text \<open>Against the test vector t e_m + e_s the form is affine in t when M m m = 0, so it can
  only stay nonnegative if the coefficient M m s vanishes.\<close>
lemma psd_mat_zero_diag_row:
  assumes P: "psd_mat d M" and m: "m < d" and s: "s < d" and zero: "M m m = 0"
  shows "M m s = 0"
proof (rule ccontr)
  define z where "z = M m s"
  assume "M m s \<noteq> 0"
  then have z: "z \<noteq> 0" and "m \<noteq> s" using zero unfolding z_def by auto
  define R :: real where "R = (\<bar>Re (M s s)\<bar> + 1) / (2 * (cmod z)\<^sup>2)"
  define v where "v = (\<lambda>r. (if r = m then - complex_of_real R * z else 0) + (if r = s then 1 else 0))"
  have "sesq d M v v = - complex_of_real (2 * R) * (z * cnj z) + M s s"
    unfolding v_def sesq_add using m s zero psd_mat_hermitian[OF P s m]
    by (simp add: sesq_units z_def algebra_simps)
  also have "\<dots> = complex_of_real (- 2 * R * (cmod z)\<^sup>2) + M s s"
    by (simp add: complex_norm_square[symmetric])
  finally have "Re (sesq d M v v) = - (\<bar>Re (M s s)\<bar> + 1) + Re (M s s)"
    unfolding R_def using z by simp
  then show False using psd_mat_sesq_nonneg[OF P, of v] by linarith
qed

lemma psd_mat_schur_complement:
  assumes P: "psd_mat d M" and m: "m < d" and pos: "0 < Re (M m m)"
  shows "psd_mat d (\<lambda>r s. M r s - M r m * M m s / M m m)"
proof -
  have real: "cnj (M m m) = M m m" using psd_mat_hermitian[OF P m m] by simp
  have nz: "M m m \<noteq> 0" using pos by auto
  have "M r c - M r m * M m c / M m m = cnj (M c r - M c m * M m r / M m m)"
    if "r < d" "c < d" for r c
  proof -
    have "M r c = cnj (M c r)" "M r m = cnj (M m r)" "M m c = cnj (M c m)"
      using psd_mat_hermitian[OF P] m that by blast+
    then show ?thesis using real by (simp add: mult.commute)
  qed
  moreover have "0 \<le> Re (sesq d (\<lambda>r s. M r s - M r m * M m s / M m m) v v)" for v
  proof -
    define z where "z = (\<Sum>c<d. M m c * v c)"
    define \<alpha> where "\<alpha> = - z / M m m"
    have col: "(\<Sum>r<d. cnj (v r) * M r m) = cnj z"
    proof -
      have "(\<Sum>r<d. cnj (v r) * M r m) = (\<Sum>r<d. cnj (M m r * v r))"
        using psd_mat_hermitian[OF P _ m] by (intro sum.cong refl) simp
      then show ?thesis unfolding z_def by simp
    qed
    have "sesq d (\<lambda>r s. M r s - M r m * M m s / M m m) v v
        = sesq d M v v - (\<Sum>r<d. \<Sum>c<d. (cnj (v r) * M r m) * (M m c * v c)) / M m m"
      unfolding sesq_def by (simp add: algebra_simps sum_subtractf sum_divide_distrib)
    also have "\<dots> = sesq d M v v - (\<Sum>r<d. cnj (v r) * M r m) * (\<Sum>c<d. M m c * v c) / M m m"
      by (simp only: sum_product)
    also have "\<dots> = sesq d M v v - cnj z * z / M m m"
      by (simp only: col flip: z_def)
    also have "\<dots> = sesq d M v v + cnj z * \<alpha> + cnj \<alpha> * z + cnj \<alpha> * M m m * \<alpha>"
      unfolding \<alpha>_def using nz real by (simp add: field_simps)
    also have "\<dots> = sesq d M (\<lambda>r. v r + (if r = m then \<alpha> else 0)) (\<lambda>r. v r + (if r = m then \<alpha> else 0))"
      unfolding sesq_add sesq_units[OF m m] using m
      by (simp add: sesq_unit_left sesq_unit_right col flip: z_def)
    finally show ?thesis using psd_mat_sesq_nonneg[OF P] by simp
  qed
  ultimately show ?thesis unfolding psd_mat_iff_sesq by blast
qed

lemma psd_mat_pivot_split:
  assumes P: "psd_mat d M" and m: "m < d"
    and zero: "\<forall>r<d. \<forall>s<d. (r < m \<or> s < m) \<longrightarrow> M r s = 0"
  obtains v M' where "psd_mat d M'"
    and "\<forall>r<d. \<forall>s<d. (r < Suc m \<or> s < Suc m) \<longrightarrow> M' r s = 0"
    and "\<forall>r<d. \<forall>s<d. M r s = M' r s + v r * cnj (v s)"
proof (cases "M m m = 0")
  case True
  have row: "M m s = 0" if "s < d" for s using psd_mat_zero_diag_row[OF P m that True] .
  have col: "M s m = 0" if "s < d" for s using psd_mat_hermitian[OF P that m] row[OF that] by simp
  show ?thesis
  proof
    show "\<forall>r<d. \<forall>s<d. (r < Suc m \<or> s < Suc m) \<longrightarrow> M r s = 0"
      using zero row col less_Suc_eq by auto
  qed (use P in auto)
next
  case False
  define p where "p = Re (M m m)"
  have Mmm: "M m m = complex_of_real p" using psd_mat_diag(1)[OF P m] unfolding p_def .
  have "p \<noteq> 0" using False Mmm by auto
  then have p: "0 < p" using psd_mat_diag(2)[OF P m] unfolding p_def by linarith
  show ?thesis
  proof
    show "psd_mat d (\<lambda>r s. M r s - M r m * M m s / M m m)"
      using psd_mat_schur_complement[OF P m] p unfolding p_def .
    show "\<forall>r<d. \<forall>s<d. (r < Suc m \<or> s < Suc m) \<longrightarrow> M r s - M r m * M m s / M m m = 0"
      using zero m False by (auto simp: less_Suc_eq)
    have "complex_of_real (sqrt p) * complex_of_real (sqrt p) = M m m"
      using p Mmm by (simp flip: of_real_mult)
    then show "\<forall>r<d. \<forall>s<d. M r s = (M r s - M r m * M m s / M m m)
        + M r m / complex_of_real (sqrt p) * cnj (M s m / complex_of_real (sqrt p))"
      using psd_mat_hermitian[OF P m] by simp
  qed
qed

◆ **EXERCISE AIM**
What you return should be the lines from the start of the data through the line with "- complex_of_real (2", quoted exactly and nothing more.

◆ **RESPONSE**
text \<open>Against the test vector t e_m + e_s the form is affine in t when M m m = 0, so it can
  only stay nonnegative if the coefficient M m s vanishes.\<close>
lemma psd_mat_zero_diag_row:
  assumes P: "psd_mat d M" and m: "m < d" and s: "s < d" and zero: "M m m = 0"
  shows "M m s = 0"
proof (rule ccontr)
  define z where "z = M m s"
  assume "M m s \<noteq> 0"
  then have z: "z \<noteq> 0" and "m \<noteq> s" using zero unfolding z_def by auto
  define R :: real where "R = (\<bar>Re (M s s)\<bar> + 1) / (2 * (cmod z)\<^sup>2)"
  define v where "v = (\<lambda>r. (if r = m then - complex_of_real R * z else 0) + (if r = s then 1 else 0))"
  have "sesq d M v v = - complex_of_real (2 * R) * (z * cnj z) + M s s"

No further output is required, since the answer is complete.